§ **YOUR INSTRUCTIONS**:
In the entries that follow, the line with "ultimately show ?thesis by blast" opens the range and the line with "obtain c where" closes it; repeat that range exactly, both lines included.

◆ ◆ ◆ ◆

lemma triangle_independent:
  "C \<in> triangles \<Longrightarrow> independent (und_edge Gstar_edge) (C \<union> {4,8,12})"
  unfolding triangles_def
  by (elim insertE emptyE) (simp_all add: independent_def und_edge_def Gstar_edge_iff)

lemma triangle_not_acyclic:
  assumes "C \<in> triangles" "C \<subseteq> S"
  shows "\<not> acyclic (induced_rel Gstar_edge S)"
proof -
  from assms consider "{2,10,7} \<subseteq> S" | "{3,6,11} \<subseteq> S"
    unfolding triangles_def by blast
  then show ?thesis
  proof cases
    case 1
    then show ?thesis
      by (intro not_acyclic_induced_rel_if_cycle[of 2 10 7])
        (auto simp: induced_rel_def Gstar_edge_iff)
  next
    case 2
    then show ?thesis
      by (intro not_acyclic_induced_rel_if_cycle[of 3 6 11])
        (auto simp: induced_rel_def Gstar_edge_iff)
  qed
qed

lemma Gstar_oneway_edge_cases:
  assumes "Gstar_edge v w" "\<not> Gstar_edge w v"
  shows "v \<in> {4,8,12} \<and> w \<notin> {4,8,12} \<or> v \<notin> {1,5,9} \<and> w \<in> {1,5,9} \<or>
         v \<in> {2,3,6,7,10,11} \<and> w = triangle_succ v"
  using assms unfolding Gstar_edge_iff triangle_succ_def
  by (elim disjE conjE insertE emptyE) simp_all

◆ ◆ ◆ ◆

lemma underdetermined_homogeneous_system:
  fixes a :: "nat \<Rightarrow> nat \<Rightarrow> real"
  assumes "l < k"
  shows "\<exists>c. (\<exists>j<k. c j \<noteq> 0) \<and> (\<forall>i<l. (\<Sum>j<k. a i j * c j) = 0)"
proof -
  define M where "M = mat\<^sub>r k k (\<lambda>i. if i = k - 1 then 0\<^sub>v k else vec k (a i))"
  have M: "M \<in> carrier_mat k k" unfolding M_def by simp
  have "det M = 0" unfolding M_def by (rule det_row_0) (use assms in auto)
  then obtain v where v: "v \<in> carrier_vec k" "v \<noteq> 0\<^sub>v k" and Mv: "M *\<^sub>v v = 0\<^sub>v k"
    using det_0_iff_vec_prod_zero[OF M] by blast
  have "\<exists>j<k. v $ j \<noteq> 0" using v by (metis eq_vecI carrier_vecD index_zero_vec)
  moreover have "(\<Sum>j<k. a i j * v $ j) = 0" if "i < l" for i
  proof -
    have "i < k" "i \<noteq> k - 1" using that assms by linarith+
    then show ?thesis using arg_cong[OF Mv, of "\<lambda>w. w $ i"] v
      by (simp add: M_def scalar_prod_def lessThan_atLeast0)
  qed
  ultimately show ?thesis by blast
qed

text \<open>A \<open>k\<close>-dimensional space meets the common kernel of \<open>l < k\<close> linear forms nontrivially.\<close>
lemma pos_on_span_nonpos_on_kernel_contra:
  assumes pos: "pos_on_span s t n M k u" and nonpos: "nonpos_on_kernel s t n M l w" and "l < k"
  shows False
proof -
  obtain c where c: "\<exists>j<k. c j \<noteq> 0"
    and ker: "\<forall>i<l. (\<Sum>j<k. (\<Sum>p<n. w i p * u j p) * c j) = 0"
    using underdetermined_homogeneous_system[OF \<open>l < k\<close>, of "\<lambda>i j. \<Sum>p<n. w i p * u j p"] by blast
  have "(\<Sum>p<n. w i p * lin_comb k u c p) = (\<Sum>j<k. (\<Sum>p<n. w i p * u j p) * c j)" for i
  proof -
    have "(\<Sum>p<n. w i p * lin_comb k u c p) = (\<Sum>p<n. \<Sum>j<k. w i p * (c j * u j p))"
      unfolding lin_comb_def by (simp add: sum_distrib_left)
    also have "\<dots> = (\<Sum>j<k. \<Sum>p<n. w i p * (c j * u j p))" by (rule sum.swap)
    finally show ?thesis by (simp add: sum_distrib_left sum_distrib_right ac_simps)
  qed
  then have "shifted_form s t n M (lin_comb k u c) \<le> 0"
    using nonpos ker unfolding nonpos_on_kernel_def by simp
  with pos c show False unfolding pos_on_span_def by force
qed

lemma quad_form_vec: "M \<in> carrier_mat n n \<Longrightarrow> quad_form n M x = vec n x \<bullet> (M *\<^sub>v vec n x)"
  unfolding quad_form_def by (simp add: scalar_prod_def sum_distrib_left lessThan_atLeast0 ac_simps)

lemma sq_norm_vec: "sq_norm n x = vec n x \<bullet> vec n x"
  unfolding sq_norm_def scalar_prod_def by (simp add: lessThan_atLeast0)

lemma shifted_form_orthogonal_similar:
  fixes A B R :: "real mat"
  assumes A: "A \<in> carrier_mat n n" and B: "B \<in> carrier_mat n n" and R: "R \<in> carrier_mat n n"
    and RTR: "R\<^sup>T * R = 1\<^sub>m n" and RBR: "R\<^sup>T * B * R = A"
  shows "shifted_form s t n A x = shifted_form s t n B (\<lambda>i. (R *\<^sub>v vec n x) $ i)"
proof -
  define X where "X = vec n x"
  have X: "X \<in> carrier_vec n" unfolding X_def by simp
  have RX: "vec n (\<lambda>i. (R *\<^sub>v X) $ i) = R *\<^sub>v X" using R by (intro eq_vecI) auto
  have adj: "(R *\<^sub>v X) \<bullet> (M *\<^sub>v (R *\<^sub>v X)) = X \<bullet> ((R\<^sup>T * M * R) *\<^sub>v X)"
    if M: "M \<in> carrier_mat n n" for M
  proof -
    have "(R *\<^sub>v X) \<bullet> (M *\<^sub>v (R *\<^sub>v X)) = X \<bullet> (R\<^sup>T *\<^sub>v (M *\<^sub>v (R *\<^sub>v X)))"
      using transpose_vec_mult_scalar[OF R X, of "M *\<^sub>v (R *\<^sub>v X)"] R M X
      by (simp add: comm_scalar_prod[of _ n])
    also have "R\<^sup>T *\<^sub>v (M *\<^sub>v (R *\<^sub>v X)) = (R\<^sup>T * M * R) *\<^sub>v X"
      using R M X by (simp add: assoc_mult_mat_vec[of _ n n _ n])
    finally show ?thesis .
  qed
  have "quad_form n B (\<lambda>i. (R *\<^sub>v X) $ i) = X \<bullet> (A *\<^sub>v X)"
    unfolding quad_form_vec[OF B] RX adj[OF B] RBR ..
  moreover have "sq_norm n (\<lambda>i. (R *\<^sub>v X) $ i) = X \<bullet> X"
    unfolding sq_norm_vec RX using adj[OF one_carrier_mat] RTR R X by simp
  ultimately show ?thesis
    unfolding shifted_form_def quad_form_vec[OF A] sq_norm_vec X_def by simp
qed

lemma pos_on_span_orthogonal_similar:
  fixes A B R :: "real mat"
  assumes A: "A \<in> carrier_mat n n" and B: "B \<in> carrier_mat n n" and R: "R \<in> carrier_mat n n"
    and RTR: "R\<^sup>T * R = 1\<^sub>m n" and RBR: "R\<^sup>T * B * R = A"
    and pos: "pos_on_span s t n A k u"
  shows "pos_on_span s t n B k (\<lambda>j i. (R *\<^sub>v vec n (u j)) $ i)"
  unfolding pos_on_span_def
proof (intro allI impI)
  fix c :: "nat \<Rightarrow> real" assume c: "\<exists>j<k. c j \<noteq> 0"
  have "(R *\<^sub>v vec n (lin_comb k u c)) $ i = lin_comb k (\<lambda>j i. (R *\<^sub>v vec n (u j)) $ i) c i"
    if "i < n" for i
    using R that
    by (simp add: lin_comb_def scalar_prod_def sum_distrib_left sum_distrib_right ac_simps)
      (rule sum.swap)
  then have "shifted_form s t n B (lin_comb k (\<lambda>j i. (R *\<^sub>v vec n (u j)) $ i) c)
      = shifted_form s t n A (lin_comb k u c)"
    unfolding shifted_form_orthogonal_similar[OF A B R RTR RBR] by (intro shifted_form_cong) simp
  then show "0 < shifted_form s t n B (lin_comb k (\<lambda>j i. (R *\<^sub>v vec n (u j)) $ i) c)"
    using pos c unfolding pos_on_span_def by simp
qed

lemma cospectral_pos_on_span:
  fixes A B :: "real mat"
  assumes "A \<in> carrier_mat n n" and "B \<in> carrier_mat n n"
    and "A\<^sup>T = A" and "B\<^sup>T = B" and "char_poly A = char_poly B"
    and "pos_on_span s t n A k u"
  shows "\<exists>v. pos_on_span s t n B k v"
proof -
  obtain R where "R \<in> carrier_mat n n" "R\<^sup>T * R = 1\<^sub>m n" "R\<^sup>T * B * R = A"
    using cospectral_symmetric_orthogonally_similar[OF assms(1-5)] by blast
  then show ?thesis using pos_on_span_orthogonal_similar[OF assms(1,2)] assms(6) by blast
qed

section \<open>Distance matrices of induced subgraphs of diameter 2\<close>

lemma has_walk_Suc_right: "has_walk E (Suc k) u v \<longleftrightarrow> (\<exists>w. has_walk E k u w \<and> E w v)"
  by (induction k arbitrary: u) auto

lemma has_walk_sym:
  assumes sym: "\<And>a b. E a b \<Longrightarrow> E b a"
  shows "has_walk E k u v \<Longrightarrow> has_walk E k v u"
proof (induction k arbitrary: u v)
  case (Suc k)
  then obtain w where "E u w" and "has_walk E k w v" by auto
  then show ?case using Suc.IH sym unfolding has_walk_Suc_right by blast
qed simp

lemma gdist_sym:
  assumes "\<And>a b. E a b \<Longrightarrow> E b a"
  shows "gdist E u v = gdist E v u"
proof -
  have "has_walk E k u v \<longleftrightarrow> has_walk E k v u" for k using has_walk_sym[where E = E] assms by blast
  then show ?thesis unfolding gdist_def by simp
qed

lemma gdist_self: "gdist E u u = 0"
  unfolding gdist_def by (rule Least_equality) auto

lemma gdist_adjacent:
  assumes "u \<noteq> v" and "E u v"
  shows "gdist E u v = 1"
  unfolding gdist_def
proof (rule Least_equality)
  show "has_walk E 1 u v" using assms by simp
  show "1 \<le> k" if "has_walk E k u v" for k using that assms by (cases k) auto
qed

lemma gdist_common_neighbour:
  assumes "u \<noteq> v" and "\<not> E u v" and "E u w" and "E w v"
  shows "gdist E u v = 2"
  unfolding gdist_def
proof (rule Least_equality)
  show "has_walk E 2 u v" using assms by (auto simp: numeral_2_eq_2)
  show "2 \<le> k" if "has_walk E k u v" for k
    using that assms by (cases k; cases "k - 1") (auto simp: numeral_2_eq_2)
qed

◆ ◆ ◆ ◆

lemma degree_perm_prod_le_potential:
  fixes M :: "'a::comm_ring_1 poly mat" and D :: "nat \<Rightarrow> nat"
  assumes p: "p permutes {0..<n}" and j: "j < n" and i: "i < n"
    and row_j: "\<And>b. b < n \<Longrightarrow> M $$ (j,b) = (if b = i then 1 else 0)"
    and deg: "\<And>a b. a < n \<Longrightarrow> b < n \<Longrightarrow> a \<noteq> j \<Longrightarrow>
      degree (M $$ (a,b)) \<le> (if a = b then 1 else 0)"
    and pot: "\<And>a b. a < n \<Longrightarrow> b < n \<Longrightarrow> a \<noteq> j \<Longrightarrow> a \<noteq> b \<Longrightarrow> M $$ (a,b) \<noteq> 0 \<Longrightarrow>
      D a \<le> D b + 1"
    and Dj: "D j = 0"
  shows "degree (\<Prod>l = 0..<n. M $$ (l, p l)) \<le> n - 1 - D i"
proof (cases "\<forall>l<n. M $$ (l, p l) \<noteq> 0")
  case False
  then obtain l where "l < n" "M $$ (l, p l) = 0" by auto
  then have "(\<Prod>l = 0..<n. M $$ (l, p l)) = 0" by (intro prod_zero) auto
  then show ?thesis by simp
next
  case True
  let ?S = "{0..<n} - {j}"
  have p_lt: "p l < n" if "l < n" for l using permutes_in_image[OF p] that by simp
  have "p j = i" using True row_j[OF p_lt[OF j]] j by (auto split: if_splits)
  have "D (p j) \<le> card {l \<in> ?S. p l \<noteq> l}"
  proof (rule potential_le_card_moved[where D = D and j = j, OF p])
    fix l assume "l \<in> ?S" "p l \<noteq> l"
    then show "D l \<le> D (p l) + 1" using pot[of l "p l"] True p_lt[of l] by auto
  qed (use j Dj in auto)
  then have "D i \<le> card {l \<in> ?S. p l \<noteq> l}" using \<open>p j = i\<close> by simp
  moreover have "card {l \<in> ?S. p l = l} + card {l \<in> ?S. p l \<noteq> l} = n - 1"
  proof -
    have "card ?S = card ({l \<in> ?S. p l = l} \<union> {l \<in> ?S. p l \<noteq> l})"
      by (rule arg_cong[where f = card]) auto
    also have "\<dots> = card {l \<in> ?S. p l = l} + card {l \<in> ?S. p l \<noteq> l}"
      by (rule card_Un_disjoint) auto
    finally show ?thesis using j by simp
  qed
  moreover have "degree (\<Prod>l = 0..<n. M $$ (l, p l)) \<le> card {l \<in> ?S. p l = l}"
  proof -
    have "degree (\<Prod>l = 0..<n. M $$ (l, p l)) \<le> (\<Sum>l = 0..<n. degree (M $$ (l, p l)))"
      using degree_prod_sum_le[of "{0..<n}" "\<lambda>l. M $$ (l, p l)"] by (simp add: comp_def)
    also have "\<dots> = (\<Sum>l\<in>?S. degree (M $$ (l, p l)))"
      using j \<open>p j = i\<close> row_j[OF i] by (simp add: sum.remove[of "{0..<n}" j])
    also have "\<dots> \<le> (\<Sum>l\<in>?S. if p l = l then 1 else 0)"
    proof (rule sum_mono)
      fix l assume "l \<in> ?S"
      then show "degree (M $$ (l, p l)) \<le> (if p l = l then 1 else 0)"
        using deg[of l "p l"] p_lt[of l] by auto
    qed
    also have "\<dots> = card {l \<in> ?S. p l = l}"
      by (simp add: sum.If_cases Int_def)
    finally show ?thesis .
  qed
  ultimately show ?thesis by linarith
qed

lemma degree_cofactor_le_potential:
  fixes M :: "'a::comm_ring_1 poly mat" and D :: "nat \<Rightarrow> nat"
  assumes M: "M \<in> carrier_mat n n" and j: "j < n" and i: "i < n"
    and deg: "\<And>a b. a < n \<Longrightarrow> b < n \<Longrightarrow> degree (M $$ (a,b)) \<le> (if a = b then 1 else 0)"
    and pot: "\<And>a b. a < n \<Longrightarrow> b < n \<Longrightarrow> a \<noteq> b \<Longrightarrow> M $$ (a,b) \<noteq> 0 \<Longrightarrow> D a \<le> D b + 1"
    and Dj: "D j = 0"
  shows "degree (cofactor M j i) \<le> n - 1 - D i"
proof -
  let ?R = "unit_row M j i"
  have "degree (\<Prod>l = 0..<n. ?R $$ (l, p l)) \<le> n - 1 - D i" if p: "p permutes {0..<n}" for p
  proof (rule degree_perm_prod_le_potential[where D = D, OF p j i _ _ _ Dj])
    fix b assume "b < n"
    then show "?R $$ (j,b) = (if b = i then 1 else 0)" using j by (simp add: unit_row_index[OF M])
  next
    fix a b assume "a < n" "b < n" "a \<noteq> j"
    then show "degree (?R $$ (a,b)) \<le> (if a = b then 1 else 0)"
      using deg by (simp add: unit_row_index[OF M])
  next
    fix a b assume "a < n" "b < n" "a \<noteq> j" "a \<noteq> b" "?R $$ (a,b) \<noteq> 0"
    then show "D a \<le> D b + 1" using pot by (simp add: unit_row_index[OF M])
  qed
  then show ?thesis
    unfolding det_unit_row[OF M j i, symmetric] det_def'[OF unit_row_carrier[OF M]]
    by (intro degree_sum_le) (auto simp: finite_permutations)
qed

◆ ◆ ◆ ◆

§ **EXPECTED ANSWER**:
  ultimately show ?thesis by blast
qed

text \<open>A \<open>k\<close>-dimensional space meets the common kernel of \<open>l < k\<close> linear forms nontrivially.\<close>
lemma pos_on_span_nonpos_on_kernel_contra:
  assumes pos: "pos_on_span s t n M k u" and nonpos: "nonpos_on_kernel s t n M l w" and "l < k"
  shows False
proof -
  obtain c where c: "\<exists>j<k. c j \<noteq> 0"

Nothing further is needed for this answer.